■ WORK REQUIRED
Everything in the listing should be restated word for word.

■ DATA FOR PROCESSING
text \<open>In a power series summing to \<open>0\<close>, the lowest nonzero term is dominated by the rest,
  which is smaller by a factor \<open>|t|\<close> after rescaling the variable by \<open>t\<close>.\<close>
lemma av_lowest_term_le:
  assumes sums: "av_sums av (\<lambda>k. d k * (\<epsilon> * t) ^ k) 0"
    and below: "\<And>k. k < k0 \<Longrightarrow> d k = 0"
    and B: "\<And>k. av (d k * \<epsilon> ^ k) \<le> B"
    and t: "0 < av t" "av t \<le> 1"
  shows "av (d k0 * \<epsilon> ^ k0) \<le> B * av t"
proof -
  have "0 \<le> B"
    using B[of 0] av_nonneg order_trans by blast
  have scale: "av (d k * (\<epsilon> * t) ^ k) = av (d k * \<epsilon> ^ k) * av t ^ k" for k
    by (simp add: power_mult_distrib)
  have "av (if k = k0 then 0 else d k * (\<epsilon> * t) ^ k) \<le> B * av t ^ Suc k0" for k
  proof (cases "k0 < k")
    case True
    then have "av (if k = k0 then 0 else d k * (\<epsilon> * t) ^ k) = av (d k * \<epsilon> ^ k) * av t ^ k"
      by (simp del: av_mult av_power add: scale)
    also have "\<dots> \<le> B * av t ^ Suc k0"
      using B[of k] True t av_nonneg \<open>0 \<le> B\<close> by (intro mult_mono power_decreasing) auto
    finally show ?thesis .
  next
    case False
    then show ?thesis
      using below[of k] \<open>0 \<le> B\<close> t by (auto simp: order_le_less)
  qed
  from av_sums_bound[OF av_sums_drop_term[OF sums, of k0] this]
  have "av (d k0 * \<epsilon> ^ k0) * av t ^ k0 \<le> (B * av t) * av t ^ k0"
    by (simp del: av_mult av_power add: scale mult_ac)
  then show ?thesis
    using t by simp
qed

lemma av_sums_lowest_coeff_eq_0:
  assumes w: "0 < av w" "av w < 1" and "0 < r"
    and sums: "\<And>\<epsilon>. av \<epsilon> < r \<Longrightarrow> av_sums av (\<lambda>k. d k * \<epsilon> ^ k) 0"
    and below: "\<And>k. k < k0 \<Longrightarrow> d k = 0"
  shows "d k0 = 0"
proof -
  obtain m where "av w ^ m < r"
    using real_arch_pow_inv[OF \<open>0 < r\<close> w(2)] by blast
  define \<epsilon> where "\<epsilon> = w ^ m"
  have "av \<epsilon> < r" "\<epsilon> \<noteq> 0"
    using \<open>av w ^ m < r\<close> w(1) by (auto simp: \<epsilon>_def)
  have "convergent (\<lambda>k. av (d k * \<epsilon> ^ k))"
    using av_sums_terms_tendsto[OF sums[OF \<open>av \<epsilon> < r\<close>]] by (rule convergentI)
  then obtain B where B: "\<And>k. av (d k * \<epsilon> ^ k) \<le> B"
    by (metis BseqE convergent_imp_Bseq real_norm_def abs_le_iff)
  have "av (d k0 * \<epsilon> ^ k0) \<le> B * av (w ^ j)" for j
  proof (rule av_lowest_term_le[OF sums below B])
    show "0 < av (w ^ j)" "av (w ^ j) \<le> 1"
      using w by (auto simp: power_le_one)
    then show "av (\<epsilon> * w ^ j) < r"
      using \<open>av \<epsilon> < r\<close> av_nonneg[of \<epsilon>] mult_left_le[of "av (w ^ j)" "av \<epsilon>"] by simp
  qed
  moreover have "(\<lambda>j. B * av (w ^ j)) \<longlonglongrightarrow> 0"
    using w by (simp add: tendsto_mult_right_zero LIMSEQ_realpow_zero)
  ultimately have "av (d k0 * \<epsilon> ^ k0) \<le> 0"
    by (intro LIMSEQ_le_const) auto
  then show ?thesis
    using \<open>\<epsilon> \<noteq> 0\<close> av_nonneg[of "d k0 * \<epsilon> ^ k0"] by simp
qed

■ EXERCISE RESULT
text \<open>In a power series summing to \<open>0\<close>, the lowest nonzero term is dominated by the rest,
  which is smaller by a factor \<open>|t|\<close> after rescaling the variable by \<open>t\<close>.\<close>
lemma av_lowest_term_le:
  assumes sums: "av_sums av (\<lambda>k. d k * (\<epsilon> * t) ^ k) 0"
    and below: "\<And>k. k < k0 \<Longrightarrow> d k = 0"
    and B: "\<And>k. av (d k * \<epsilon> ^ k) \<le> B"
    and t: "0 < av t" "av t \<le> 1"
  shows "av (d k0 * \<epsilon> ^ k0) \<le> B * av t"
proof -
  have "0 \<le> B"
    using B[of 0] av_nonneg order_trans by blast
  have scale: "av (d k * (\<epsilon> * t) ^ k) = av (d k * \<epsilon> ^ k) * av t ^ k" for k
    by (simp add: power_mult_distrib)
  have "av (if k = k0 then 0 else d k * (\<epsilon> * t) ^ k) \<le> B * av t ^ Suc k0" for k
  proof (cases "k0 < k")
    case True
    then have "av (if k = k0 then 0 else d k * (\<epsilon> * t) ^ k) = av (d k * \<epsilon> ^ k) * av t ^ k"
      by (simp del: av_mult av_power add: scale)
    also have "\<dots> \<le> B * av t ^ Suc k0"
      using B[of k] True t av_nonneg \<open>0 \<le> B\<close> by (intro mult_mono power_decreasing) auto
    finally show ?thesis .
  next
    case False
    then show ?thesis
      using below[of k] \<open>0 \<le> B\<close> t by (auto simp: order_le_less)
  qed
  from av_sums_bound[OF av_sums_drop_term[OF sums, of k0] this]
  have "av (d k0 * \<epsilon> ^ k0) * av t ^ k0 \<le> (B * av t) * av t ^ k0"
    by (simp del: av_mult av_power add: scale mult_ac)
  then show ?thesis
    using t by simp
qed

lemma av_sums_lowest_coeff_eq_0:
  assumes w: "0 < av w" "av w < 1" and "0 < r"
    and sums: "\<And>\<epsilon>. av \<epsilon> < r \<Longrightarrow> av_sums av (\<lambda>k. d k * \<epsilon> ^ k) 0"
    and below: "\<And>k. k < k0 \<Longrightarrow> d k = 0"
  shows "d k0 = 0"
proof -
  obtain m where "av w ^ m < r"
    using real_arch_pow_inv[OF \<open>0 < r\<close> w(2)] by blast
  define \<epsilon> where "\<epsilon> = w ^ m"
  have "av \<epsilon> < r" "\<epsilon> \<noteq> 0"
    using \<open>av w ^ m < r\<close> w(1) by (auto simp: \<epsilon>_def)
  have "convergent (\<lambda>k. av (d k * \<epsilon> ^ k))"
    using av_sums_terms_tendsto[OF sums[OF \<open>av \<epsilon> < r\<close>]] by (rule convergentI)
  then obtain B where B: "\<And>k. av (d k * \<epsilon> ^ k) \<le> B"
    by (metis BseqE convergent_imp_Bseq real_norm_def abs_le_iff)
  have "av (d k0 * \<epsilon> ^ k0) \<le> B * av (w ^ j)" for j
  proof (rule av_lowest_term_le[OF sums below B])
    show "0 < av (w ^ j)" "av (w ^ j) \<le> 1"
      using w by (auto simp: power_le_one)
    then show "av (\<epsilon> * w ^ j) < r"
      using \<open>av \<epsilon> < r\<close> av_nonneg[of \<epsilon>] mult_left_le[of "av (w ^ j)" "av \<epsilon>"] by simp
  qed
  moreover have "(\<lambda>j. B * av (w ^ j)) \<longlonglongrightarrow> 0"
    using w by (simp add: tendsto_mult_right_zero LIMSEQ_realpow_zero)
  ultimately have "av (d k0 * \<epsilon> ^ k0) \<le> 0"
    by (intro LIMSEQ_le_const) auto
  then show ?thesis
    using \<open>\<epsilon> \<noteq> 0\<close> av_nonneg[of "d k0 * \<epsilon> ^ k0"] by simp
qed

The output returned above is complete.